Exercise brief: Find the number of lines containing the string "moreover" in the data. Answer with the number by itself.

Materials provided:
(* For $m\ge3$, no single contraction of the Lie algebra $\mathfrak{po}(m)$ yields a Lie algebra isomorphic to $\mathfrak{po}((1),\dots,(1))$ ($m$ copies of $(1)$).
   Context: $\mathfrak{po}(m)$ is the Lie algebra of the image $\mathrm{PO}(m)$ of $\mathrm{O}(m)$ in $\mathrm{PGL}_m\mathbb{R}$ (isomorphic to $\mathfrak{so}(m)$). $\mathfrak{po}((1),\dots,(1))$ is the Lie algebra of the image in $\mathrm{PGL}_m\mathbb{R}$ of the group of lower-triangular real matrices with diagonal entries $\pm1$; it is isomorphic to the Lie algebra of strictly lower-triangular real $m\times m$ matrices. Contraction: for a Lie algebra $\mathfrak{h}$, a Lie subalgebra $\mathfrak{t}$ with complementary subspace $\mathfrak{t}^c$ and $\phi_\varepsilon(X)=X_{\mathfrak{t}}+\varepsilon X_{\mathfrak{t}^c}$ ($\varepsilon>0$), the contraction along $\mathfrak{t}$ is the vector space of $\mathfrak{h}$ with bracket $[X,Y]'=\lim_{\varepsilon\to0}\phi_\varepsilon^{-1}([\phi_\varepsilon(X),\phi_\varepsilon(Y)])$. *)

theory Defs
  imports "HOL-Analysis.Analysis"
begin

definition commutator :: "real^'n^'n \<Rightarrow> real^'n^'n \<Rightarrow> real^'n^'n" where
  "commutator A B = A ** B - B ** A"

text \<open>so(m), isomorphic to po(m): skew-symmetric matrices.\<close>
definition so_alg :: "(real^'n^'n) set" where
  "so_alg = {A. transpose A = - A}"

text \<open>Strictly lower-triangular matrices, isomorphic to po((1),...,(1)).\<close>
definition slt_alg :: "(real^('n::{finite,linorder})^('n::{finite,linorder})) set" where
  "slt_alg = {A. \<forall>i j. j \<ge> i \<longrightarrow> A $ i $ j = 0}"

definition lie_subalgebra :: "(real^'n^'n) set \<Rightarrow> (real^'n^'n) set \<Rightarrow> bool" where
  "lie_subalgebra t h \<longleftrightarrow> subspace t \<and> t \<subseteq> h \<and>
     (\<forall>X\<in>t. \<forall>Y\<in>t. commutator X Y \<in> t)"

definition complement_in :: "(real^'n^'n) set \<Rightarrow> (real^'n^'n) set \<Rightarrow> (real^'n^'n) set \<Rightarrow> bool" where
  "complement_in tc t h \<longleftrightarrow> subspace tc \<and> tc \<subseteq> h \<and> t \<inter> tc = {0} \<and>
     (\<forall>X\<in>h. \<exists>a\<in>t. \<exists>b\<in>tc. X = a + b)"

definition proj_along :: "(real^'n^'n) set \<Rightarrow> (real^'n^'n) set \<Rightarrow> real^'n^'n \<Rightarrow> real^'n^'n" where
  "proj_along t tc X = (THE a. a \<in> t \<and> X - a \<in> tc)"

definition contr_phi :: "(real^'n^'n) set \<Rightarrow> (real^'n^'n) set \<Rightarrow> real \<Rightarrow> real^'n^'n \<Rightarrow> real^'n^'n" where
  "contr_phi t tc \<epsilon> X = proj_along t tc X + \<epsilon> *\<^sub>R (X - proj_along t tc X)"

definition contr_phi_inv :: "(real^'n^'n) set \<Rightarrow> (real^'n^'n) set \<Rightarrow> real \<Rightarrow> real^'n^'n \<Rightarrow> real^'n^'n" where
  "contr_phi_inv t tc \<epsilon> Z = proj_along t tc Z + (1 / \<epsilon>) *\<^sub>R (Z - proj_along t tc Z)"

definition is_contraction_bracket ::
  "(real^'n^'n) set \<Rightarrow> (real^'n^'n) set \<Rightarrow> (real^'n^'n) set \<Rightarrow>
   (real^'n^'n \<Rightarrow> real^'n^'n \<Rightarrow> real^'n^'n) \<Rightarrow> bool" where
  "is_contraction_bracket h t tc br \<longleftrightarrow>
     (\<forall>X\<in>h. \<forall>Y\<in>h.
        ((\<lambda>\<epsilon>. contr_phi_inv t tc \<epsilon> (commutator (contr_phi t tc \<epsilon> X) (contr_phi t tc \<epsilon> Y)))
          \<longlongrightarrow> br X Y) (at_right 0))"

definition lie_iso_onto ::
  "(real^'n^'n) set \<Rightarrow> (real^'n^'n \<Rightarrow> real^'n^'n \<Rightarrow> real^'n^'n) \<Rightarrow> (real^'n^'n) set \<Rightarrow>
   (real^'n^'n \<Rightarrow> real^'n^'n) \<Rightarrow> bool" where
  "lie_iso_onto h br g f \<longleftrightarrow>
     (\<forall>a b X Y. X \<in> h \<longrightarrow> Y \<in> h \<longrightarrow> f (a *\<^sub>R X + b *\<^sub>R Y) = a *\<^sub>R f X + b *\<^sub>R f Y) \<and>
     inj_on f h \<and> f ` h = g \<and>
     (\<forall>X\<in>h. \<forall>Y\<in>h. f (br X Y) = commutator (f X) (f Y))"

end

(*
  Suppose the contraction of so(m) along t were isomorphic to the Lie algebra of strictly
  lower-triangular m x m matrices, which is nilpotent. For X in t the contracted bracket
  [X, -]' acts as ad X on t and as the tc-component of ad X on tc: relative to the splitting
  so(m) = t + tc it is the block diagonal of the block-triangular map ad X. Nilpotency of
  [X, -]' therefore forces ad X to be nilpotent on so(m). But ad X is skew-adjoint for the
  trace form, so it vanishes, and since so(m) has trivial centre for m >= 3, X = 0. Hence
  t = 0 and the contraction is abelian, whereas the strictly lower-triangular matrices are
  not abelian for m >= 3.
*)
theory Submission
  imports Defs
begin

lemma matrix_add_rdistrib: "(A + B) ** C = A ** C + B ** C"
  by (vector matrix_matrix_mult_def sum.distrib[symmetric] field_simps)

lemma matrix_diff_ldistrib: "(A :: 'a::ring_1^'n^'m) ** (B - C) = A ** B - A ** C"
  by (vector matrix_matrix_mult_def sum_subtractf[symmetric] algebra_simps)

lemma matrix_diff_rdistrib: "((A :: 'a::ring_1^'n^'m) - B) ** C = A ** C - B ** C"
  by (vector matrix_matrix_mult_def sum_subtractf[symmetric] algebra_simps)

lemma matrix_mul_uminus_left: "(- A :: 'a::ring_1^'n^'m) ** B = - (A ** B)"
  by (vector matrix_matrix_mult_def sum_negf[symmetric])

lemma matrix_mul_uminus_right: "(A :: 'a::ring_1^'n^'m) ** (- B) = - (A ** B)"
  by (vector matrix_matrix_mult_def sum_negf[symmetric])

lemma trace_uminus: "trace (- A :: 'a::ring_1^'n^'n) = - trace A"
  by (simp add: trace_def sum_negf)

lemma transpose_zero: "transpose 0 = 0"
  by (simp add: transpose_def vec_eq_iff)

lemma transpose_add: "transpose (A + B) = transpose A + transpose B"
  by (simp add: transpose_def vec_eq_iff)

lemma transpose_diff: "transpose (A - B) = transpose A - transpose B"
  by (simp add: transpose_def vec_eq_iff)

lemma inner_matrix_eq_trace: "inner A B = trace (transpose A ** (B :: real^'n^'m))"
  unfolding inner_vec_def trace_def matrix_matrix_mult_def transpose_def
  by (simp add: mult.commute) (rule sum.swap)

lemma commutator_add_left: "commutator (A + B) C = commutator A C + commutator B C"
  by (simp add: commutator_def matrix_add_ldistrib matrix_add_rdistrib)

lemma commutator_add_right: "commutator A (B + C) = commutator A B + commutator A C"
  by (simp add: commutator_def matrix_add_ldistrib matrix_add_rdistrib)

lemma commutator_diff_right: "commutator A (B - C) = commutator A B - commutator A C"
  by (simp add: commutator_def matrix_diff_ldistrib matrix_diff_rdistrib)

lemma commutator_scaleR_left: "commutator (c *\<^sub>R A) B = c *\<^sub>R commutator A B"
  by (simp add: commutator_def matrix_scalar_ac scalar_matrix_assoc[symmetric] scaleR_diff_right)

lemma commutator_scaleR_right: "commutator A (c *\<^sub>R B) = c *\<^sub>R commutator A B"
  by (simp add: commutator_def matrix_scalar_ac scalar_matrix_assoc[symmetric] scaleR_diff_right)

lemma commutator_0_left [simp]: "commutator 0 A = 0"
  by (simp add: commutator_def)

lemma commutator_0_right [simp]: "commutator A 0 = 0"
  by (simp add: commutator_def)

lemma lie_subalgebraD:
  assumes "lie_subalgebra t h"
  shows "subspace t" and "t \<subseteq> h"
    and "\<And>A B. A \<in> t \<Longrightarrow> B \<in> t \<Longrightarrow> commutator A B \<in> t"
  using assms by (auto simp: lie_subalgebra_def)

lemma lie_subalgebra_so_alg: "lie_subalgebra so_alg UNIV"
proof -
  have "subspace so_alg"
    unfolding subspace_def so_alg_def by (simp add: transpose_add transpose_zero transpose_scalar)
  moreover have "commutator A B \<in> so_alg" if "A \<in> so_alg" "B \<in> so_alg" for A B
    using that
    by (simp add: so_alg_def commutator_def transpose_diff matrix_transpose_mul
        matrix_mul_uminus_left matrix_mul_uminus_right)
  ultimately show ?thesis by (auto simp: lie_subalgebra_def)
qed

lemma inner_commutator_skew:
  assumes "transpose X = - X"
  shows "inner (commutator X A) B = - inner A (commutator X (B :: real^'n^'n))"
proof -
  have "inner (commutator X A) B = trace (X ** (transpose A ** B)) - trace (transpose A ** X ** B)"
    by (simp add: inner_matrix_eq_trace commutator_def transpose_diff matrix_transpose_mul assms
        matrix_diff_rdistrib trace_sub matrix_mul_assoc matrix_mul_uminus_left matrix_mul_uminus_right
        trace_uminus)
  also have "trace (X ** (transpose A ** B)) = trace (transpose A ** B ** X)"
    by (rule trace_mul_sym)
  also have "trace (transpose A ** B ** X) - trace (transpose A ** X ** B) = - inner A (commutator X B)"
    by (simp add: inner_matrix_eq_trace commutator_def matrix_diff_ldistrib trace_sub matrix_mul_assoc)
  finally show ?thesis .
qed

lemma proj_along_eq:
  assumes t: "subspace t" and c: "complement_in tc t h" and "a \<in> t" "b \<in> tc"
  shows "proj_along t tc (a + b) = a"
  unfolding proj_along_def
proof (rule the_equality)
  show "a \<in> t \<and> a + b - a \<in> tc" using assms by simp
next
  fix a' assume a': "a' \<in> t \<and> a + b - a' \<in> tc"
  have "subspace tc" using c by (simp add: complement_in_def)
  then have "a - a' \<in> tc"
    using a' \<open>b \<in> tc\<close> subspace_diff[of tc "a + b - a'" b] by simp
  moreover have "a - a' \<in> t" using t a' \<open>a \<in> t\<close> by (simp add: subspace_diff)
  ultimately have "a - a' \<in> t \<inter> tc" by simp
  then have "a - a' = 0" using c unfolding complement_in_def by blast
  then show "a' = a" by simp
qed

lemma proj_along_in:
  assumes t: "subspace t" and c: "complement_in tc t h" and "X \<in> h"
  shows "proj_along t tc X \<in> t" and "X - proj_along t tc X \<in> tc"
proof -
  obtain a b where "a \<in> t" "b \<in> tc" "X = a + b"
    using c \<open>X \<in> h\<close> by (auto simp: complement_in_def)
  then show "proj_along t tc X \<in> t" and "X - proj_along t tc X \<in> tc"
    using proj_along_eq[OF t c] by simp_all
qed

lemma proj_along_id:
  assumes "subspace t" and c: "complement_in tc t h" and "X \<in> t"
  shows "proj_along t tc X = X"
proof -
  have "0 \<in> tc" using c by (auto simp: complement_in_def subspace_0)
  then show ?thesis using proj_along_eq[OF assms, of 0] by simp
qed

lemma proj_along_add:
  assumes t: "subspace t" and c: "complement_in tc t h" and "X \<in> h" "Y \<in> h"
  shows "proj_along t tc (X + Y) = proj_along t tc X + proj_along t tc Y"
proof -
  let ?P = "proj_along t tc"
  have "subspace tc" using c by (simp add: complement_in_def)
  then have "(X - ?P X) + (Y - ?P Y) \<in> tc"
    using proj_along_in[OF t c] assms by (simp add: subspace_add)
  moreover have "?P X + ?P Y \<in> t"
    using proj_along_in[OF t c] assms by (simp add: subspace_add)
  moreover have "X + Y = (?P X + ?P Y) + ((X - ?P X) + (Y - ?P Y))" by simp
  ultimately show ?thesis using proj_along_eq[OF t c] by metis
qed

text \<open>The bracket of the contraction: in \<open>\<phi>\<^sub>\<epsilon>\<^sup>-\<^sup>1 [\<phi>\<^sub>\<epsilon> X, \<phi>\<^sub>\<epsilon> Y]\<close> the term
  \<open>[X\<^sub>c, Y\<^sub>c]\<close> between the \<open>tc\<close>-components carries a factor \<open>\<epsilon>\<close> and vanishes in the limit,
  and of the mixed terms only their \<open>tc\<close>-component survives.\<close>

definition contracted_commutator ::
  "(real^'n^'n) set \<Rightarrow> (real^'n^'n) set \<Rightarrow> real^'n^'n \<Rightarrow> real^'n^'n \<Rightarrow> real^'n^'n" where
  "contracted_commutator t tc X Y =
     (let P = proj_along t tc;
          M = commutator (P X) (Y - P Y) + commutator (X - P X) (P Y)
      in commutator (P X) (P Y) + (M - P M))"

lemma commutator_contr_phi:
  fixes X Y :: "real^'n^'n" and t tc :: "(real^'n^'n) set"
  defines "P \<equiv> proj_along t tc"
  shows "commutator (contr_phi t tc e X) (contr_phi t tc e Y) =
    commutator (P X) (P Y) + e *\<^sub>R (commutator (P X) (Y - P Y) + commutator (X - P X) (P Y))
      + e\<^sup>2 *\<^sub>R commutator (X - P X) (Y - P Y)"
  unfolding contr_phi_def P_def
  by (simp only: commutator_add_left commutator_add_right commutator_scaleR_left
      commutator_scaleR_right) (simp add: algebra_simps power2_eq_square)

lemma contr_phi_inv_add:
  assumes "subspace t" and "complement_in tc t h" and "a \<in> t" "b \<in> tc"
  shows "contr_phi_inv t tc e (a + b) = a + (1 / e) *\<^sub>R b"
  by (simp add: contr_phi_inv_def proj_along_eq[OF assms])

Final answer: 4